Thursday, July 21, 2011

Flick of The Day: Source Code

British director Duncan Jones created a sleeper hit with his 2009 low budget sci-fi flick Moon with a stand out performance from Sam Rockwell. It successfully played with perceptions of reality to create a modern take on the perils of artificial intelligence. He is in similar territory with his latest film though on a much more Hollywood style budget. Today's flick of the day is Source Code.
Jake Gyllenhaal is a US Army Captain who takes part in a military experiment. In the aftermath of a train bombing in downtown Chicago which kills hundreds, he is given the ability to experience the last 8 minutes of the train journey through the eyes of a dead passenger. In an effort to solve the crime, he must experience those final 8 minutes numerous times, each time adding more clues to the final mystery. Of course this is not the whole story as we are repeatedly led to question the reality of what we are seeing and indeed the inherent possibilities. Gyllenhaal's only contact with the real world is an Air Force Captain named Goodwin played by Vera Farmiga. As time ticks, he must solve the crime before the bomber strikes again and find the truth about why he himself has been selected for this mission.
Jake Gyllenhaal has built a career on bringing a quirky intensity to his roles and having a keen eye for an interesting project. In a relatively short career he has taken on roles as disparate as Donnie Darko, Brokeback Mountain and Zodiac, showing a great range of talent. He is then perfect of the kind of film which this is. To enjoy you really have to sit back and suspend your disbelief for a moment. After all, this is the kind of film where characters utter lines like the below with a straight face.

                                             "This is not time travel. This is time re-assignment."

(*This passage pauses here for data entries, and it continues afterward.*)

(* Let $n\ge 2$ and let $A_1,\ldots,A_{n+1}$ be pairwise skew $(n-1)$-spaces of $\mathrm{PG}(2n,q)$. The number of $n$-spaces of $\mathrm{PG}(2n,q)$ that intersect every $A_i$, $1\leq i\leq n+1$, is $\mathcal{O}(q^{n^2-1})$.
   Context: $\mathrm{PG}(2n,q)$ is the projective space of projective dimension $2n$ over the field of order $q$; an $i$-space is a subspace of projective dimension $i$; skew means disjoint. $\mathcal{O}(q^m)$ means bounded above by $Cq^m$ with $C$ depending only on $n$. *)

theory Defs
  imports Complex_Main "HOL-Algebra.Ring"
begin

text \<open>The vector space F^N over a field R (HOL-Algebra record), vectors as
functions nat => 'a that are zero outside the indices 0..N-1.\<close>

definition vecs :: "('a, 'm) ring_scheme \<Rightarrow> nat \<Rightarrow> (nat \<Rightarrow> 'a) set" where
  "vecs R N = {v. (\<forall>i<N. v i \<in> carrier R) \<and> (\<forall>i\<ge>N. v i = \<zero>\<^bsub>R\<^esub>)}"

definition vzero :: "('a, 'm) ring_scheme \<Rightarrow> nat \<Rightarrow> 'a" where
  "vzero R = (\<lambda>i. \<zero>\<^bsub>R\<^esub>)"

definition vadd :: "('a, 'm) ring_scheme \<Rightarrow> (nat \<Rightarrow> 'a) \<Rightarrow> (nat \<Rightarrow> 'a) \<Rightarrow> nat \<Rightarrow> 'a" where
  "vadd R v w = (\<lambda>i. v i \<oplus>\<^bsub>R\<^esub> w i)"

definition vsmult :: "('a, 'm) ring_scheme \<Rightarrow> 'a \<Rightarrow> (nat \<Rightarrow> 'a) \<Rightarrow> nat \<Rightarrow> 'a" where
  "vsmult R a v = (\<lambda>i. a \<otimes>\<^bsub>R\<^esub> v i)"

definition lsubspace :: "('a, 'm) ring_scheme \<Rightarrow> nat \<Rightarrow> (nat \<Rightarrow> 'a) set \<Rightarrow> bool" where
  "lsubspace R N W \<longleftrightarrow> W \<subseteq> vecs R N \<and> vzero R \<in> W \<and>
     (\<forall>v\<in>W. \<forall>w\<in>W. vadd R v w \<in> W) \<and>
     (\<forall>a\<in>carrier R. \<forall>v\<in>W. vsmult R a v \<in> W)"

definition lincomb :: "('a, 'm) ring_scheme \<Rightarrow> (nat \<Rightarrow> 'a) \<Rightarrow> (nat \<Rightarrow> 'a) list \<Rightarrow> nat \<Rightarrow> 'a" where
  "lincomb R c vs = (\<lambda>i. finsum R (\<lambda>j. c j \<otimes>\<^bsub>R\<^esub> (vs ! j) i) {..<length vs})"

definition lin_indep :: "('a, 'm) ring_scheme \<Rightarrow> (nat \<Rightarrow> 'a) list \<Rightarrow> bool" where
  "lin_indep R vs \<longleftrightarrow> (\<forall>c. (\<forall>j<length vs. c j \<in> carrier R) \<and> lincomb R c vs = vzero R
      \<longrightarrow> (\<forall>j<length vs. c j = \<zero>\<^bsub>R\<^esub>))"

definition subspace_dim :: "('a, 'm) ring_scheme \<Rightarrow> nat \<Rightarrow> nat \<Rightarrow> (nat \<Rightarrow> 'a) set \<Rightarrow> bool" where
  "subspace_dim R N d W \<longleftrightarrow> lsubspace R N W \<and>
     (\<exists>vs. length vs = d \<and> set vs \<subseteq> W \<and> lin_indep R vs \<and>
        W = {lincomb R c vs | c. \<forall>j<length vs. c j \<in> carrier R})"

text \<open>An i-space of PG(m, q), q = |carrier R|: an (i+1)-dimensional subspace of F^(m+1).\<close>
definition proj_space :: "('a, 'm) ring_scheme \<Rightarrow> nat \<Rightarrow> nat \<Rightarrow> (nat \<Rightarrow> 'a) set \<Rightarrow> bool" where
  "proj_space R m i W \<longleftrightarrow> subspace_dim R (Suc m) (Suc i) W"

text \<open>Projective subspaces are skew iff the vector subspaces meet only in 0.\<close>
definition skew :: "('a, 'm) ring_scheme \<Rightarrow> (nat \<Rightarrow> 'a) set \<Rightarrow> (nat \<Rightarrow> 'a) set \<Rightarrow> bool" where
  "skew R U W \<longleftrightarrow> U \<inter> W = {vzero R}"

definition meets :: "('a, 'm) ring_scheme \<Rightarrow> (nat \<Rightarrow> 'a) set \<Rightarrow> (nat \<Rightarrow> 'a) set \<Rightarrow> bool" where
  "meets R U W \<longleftrightarrow> (\<exists>v\<in>U \<inter> W. v \<noteq> vzero R)"

end

theory Submission
  imports Defs "HOL-Library.FuncSet"
begin

(* Let S be an n-space meeting every A_i, i.e. an (n+1)-dimensional subspace of F^(2n+1).
   Greedily choose distinct indices j_1, ..., j_t and independent vectors v_k lying in S and in
   A_(j_k), until the span of v_1, ..., v_t meets each of the d = n + 1 - t remaining A_i.
   Then v belongs to the set G of t-tuples from A_(j_1), ..., A_(j_t) whose span meets those d
   subspaces. Building such a tuple one vector at a time, a vector of A_j that makes the span
   reach a new A_i is determined by its component in the span so far, because A_j and A_i are
   skew; so each of the d intersections costs a factor q and |G| = O(q^(tn - d)).
   On the other hand S is the span of each of the about q^t * q^((n+1)d) pairs formed by a
   rescaling of v and a completion of v to a basis of S; these pairs lie in G x (F^(2n+1))^d and
   distinct S give disjoint sets of pairs. Hence the number of S with a given index list is
   O(q^(tn - d + (2n+1)d - t - (n+1)d)) = O(q^(n^2 - 1)), as t + d = n + 1. *)

section \<open>Linear algebra in coordinates\<close>

definition lspan :: "('a, 'm) ring_scheme \<Rightarrow> (nat \<Rightarrow> 'a) list \<Rightarrow> (nat \<Rightarrow> 'a) set" where
  "lspan R vs = {lincomb R c vs | c. \<forall>j<length vs. c j \<in> carrier R}"

definition rescale :: "('a, 'm) ring_scheme \<Rightarrow> (nat \<Rightarrow> 'a) \<Rightarrow> (nat \<Rightarrow> 'a) list \<Rightarrow> (nat \<Rightarrow> 'a) list" where
  "rescale R c vs = map (\<lambda>k. vsmult R (c k) (vs ! k)) [0..<length vs]"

That said, It is not my intention to denigrate the film for it is very entertaining at times and delivers an ending which is both pitch perfect and very smart in its own way.
Th real strong point of the film is that by keeping the viewer in the dark for so long as to the true intentions of the plot, that it allows them to create their own idea of what is happening and thus retains interest until the final reveal. This of course an old film making trick but it is used to good effect. What better way to keep a mystery engaging then to leave people to draw their own conclusions till the critical point.
All in all, this is a worthwhile piece of work and a cut above the standard multiplex fare. It requires you think along the lines of Christopher Nolan's recent Inception and anything that improves  the standard of Hollywood action pictures above the thrashy likes of Michael Bay and his oeuvre deserves praise. While not a classic, it is an entertaining picture and worth a look.